* _YOUR ASSIGNMENT_: Every line below between the one holding "E \<longleftrightarrow> V" and the one holding "S \<subseteq> V", inclusive, should be copied exactly, and no other line.

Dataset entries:
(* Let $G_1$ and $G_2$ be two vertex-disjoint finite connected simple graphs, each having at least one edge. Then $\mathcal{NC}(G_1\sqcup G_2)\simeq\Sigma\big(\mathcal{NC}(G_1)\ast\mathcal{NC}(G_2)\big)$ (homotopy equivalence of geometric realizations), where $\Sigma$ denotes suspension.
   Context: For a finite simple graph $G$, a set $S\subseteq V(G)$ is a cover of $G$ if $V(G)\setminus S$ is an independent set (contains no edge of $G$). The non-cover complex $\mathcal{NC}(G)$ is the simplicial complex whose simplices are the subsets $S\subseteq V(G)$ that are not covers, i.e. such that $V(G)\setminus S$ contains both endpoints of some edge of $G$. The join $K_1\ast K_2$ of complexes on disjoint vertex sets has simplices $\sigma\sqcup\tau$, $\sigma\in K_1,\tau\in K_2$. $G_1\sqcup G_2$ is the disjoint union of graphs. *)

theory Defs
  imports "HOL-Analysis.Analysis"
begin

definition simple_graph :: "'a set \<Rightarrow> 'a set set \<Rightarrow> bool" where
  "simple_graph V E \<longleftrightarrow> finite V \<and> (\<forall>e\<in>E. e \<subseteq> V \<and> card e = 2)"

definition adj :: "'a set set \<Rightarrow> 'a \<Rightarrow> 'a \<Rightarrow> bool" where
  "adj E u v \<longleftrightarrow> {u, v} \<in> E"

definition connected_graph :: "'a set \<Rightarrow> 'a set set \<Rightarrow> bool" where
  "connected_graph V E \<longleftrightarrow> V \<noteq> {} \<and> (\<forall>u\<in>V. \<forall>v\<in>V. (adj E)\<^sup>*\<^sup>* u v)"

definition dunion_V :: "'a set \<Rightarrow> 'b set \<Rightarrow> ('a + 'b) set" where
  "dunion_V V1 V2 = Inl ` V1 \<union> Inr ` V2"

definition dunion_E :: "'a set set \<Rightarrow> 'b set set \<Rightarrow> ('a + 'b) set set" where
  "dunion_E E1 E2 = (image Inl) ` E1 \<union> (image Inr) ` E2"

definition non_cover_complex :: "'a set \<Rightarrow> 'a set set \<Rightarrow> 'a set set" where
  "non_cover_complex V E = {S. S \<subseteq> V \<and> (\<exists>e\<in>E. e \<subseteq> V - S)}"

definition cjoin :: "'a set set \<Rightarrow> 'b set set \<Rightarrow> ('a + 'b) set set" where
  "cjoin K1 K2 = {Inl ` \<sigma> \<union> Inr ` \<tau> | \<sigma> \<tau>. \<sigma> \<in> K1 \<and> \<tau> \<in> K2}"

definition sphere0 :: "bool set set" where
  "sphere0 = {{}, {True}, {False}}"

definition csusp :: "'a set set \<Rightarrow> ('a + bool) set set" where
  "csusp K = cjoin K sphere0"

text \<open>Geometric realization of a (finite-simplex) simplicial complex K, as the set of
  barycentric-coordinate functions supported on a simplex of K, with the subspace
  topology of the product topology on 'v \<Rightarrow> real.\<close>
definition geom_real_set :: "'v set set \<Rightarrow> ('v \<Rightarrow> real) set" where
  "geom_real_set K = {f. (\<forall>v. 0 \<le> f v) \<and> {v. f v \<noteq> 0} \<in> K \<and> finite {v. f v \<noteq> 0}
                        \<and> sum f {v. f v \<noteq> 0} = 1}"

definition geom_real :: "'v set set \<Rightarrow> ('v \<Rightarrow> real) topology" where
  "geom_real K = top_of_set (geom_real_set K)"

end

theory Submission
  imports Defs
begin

==

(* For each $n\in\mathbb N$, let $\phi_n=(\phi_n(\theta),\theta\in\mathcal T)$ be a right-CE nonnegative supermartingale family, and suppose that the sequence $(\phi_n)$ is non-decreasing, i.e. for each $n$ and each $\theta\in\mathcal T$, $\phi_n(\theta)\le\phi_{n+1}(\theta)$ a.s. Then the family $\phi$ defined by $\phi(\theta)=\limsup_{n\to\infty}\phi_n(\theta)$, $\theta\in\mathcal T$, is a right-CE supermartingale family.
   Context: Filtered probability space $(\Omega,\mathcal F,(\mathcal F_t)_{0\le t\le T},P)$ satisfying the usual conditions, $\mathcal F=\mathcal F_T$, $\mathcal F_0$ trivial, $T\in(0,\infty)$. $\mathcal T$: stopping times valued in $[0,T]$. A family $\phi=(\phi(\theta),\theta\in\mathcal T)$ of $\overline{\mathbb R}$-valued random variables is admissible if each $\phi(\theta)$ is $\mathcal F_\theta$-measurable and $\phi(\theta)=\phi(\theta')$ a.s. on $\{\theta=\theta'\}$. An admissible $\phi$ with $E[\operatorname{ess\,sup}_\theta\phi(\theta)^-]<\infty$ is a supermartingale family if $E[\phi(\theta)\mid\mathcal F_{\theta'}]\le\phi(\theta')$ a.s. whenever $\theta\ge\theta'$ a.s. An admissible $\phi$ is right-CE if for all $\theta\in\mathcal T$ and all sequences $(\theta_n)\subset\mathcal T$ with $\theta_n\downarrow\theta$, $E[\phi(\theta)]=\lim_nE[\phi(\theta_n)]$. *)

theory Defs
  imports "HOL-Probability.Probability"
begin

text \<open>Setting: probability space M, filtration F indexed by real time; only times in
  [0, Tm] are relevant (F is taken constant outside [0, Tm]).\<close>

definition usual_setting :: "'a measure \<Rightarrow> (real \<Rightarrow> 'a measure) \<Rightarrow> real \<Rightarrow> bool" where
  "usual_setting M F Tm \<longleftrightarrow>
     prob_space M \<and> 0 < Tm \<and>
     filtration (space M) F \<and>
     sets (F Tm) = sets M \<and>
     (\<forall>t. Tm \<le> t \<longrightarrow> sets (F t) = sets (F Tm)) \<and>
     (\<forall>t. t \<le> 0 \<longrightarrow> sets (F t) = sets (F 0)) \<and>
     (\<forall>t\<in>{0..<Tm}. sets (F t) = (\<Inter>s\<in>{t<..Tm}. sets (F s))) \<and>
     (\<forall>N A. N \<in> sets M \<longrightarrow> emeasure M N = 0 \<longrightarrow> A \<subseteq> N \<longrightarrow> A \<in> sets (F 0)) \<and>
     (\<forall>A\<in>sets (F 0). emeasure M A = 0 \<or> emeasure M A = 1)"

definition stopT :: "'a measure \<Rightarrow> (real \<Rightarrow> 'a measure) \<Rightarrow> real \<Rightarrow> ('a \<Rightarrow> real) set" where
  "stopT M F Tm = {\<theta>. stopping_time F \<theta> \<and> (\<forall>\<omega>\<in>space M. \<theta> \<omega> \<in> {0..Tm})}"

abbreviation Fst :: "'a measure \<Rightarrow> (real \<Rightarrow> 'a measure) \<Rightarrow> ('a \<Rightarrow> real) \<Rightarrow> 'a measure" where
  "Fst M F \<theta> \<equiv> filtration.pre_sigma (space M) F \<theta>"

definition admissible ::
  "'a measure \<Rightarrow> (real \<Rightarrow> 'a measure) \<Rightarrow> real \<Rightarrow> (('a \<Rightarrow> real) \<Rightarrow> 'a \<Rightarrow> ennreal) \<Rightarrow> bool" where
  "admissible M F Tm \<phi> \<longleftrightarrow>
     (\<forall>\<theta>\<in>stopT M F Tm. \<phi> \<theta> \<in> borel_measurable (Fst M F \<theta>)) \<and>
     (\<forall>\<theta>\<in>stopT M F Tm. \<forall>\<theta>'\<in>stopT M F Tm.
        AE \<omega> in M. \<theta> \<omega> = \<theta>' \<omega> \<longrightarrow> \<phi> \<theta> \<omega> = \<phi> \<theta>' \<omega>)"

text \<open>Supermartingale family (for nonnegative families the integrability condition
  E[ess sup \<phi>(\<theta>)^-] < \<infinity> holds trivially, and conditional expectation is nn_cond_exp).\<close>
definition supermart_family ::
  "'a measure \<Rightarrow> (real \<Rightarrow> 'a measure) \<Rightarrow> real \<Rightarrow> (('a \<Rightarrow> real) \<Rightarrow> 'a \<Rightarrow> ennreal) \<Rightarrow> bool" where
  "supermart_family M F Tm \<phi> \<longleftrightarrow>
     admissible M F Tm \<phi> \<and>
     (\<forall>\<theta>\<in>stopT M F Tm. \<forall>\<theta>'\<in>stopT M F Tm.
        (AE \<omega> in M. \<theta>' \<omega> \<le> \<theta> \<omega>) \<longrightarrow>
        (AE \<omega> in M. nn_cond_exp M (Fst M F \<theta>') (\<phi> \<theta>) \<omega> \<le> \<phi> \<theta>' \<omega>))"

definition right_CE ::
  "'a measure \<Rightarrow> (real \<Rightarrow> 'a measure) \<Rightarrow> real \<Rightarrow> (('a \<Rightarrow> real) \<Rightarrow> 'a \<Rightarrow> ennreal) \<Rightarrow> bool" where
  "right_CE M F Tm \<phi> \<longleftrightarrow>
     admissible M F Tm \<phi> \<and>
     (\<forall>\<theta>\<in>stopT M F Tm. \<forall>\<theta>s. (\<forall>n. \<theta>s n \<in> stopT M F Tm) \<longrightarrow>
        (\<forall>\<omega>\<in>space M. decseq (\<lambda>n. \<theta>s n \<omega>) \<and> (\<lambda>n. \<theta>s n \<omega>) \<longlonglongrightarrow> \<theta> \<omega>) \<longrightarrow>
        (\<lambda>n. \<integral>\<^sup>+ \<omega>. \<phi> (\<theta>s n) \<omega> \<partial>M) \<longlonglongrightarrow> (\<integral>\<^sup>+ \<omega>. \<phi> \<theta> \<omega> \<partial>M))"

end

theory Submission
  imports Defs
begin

* _EXPECTED OUTPUT_:
  "connected_graph V E \<longleftrightarrow> V \<noteq> {} \<and> (\<forall>u\<in>V. \<forall>v\<in>V. (adj E)\<^sup>*\<^sup>* u v)"

definition dunion_V :: "'a set \<Rightarrow> 'b set \<Rightarrow> ('a + 'b) set" where
  "dunion_V V1 V2 = Inl ` V1 \<union> Inr ` V2"

definition dunion_E :: "'a set set \<Rightarrow> 'b set set \<Rightarrow> ('a + 'b) set set" where
  "dunion_E E1 E2 = (image Inl) ` E1 \<union> (image Inr) ` E2"

definition non_cover_complex :: "'a set \<Rightarrow> 'a set set \<Rightarrow> 'a set set" where
  "non_cover_complex V E = {S. S \<subseteq> V \<and> (\<exists>e\<in>E. e \<subseteq> V - S)}"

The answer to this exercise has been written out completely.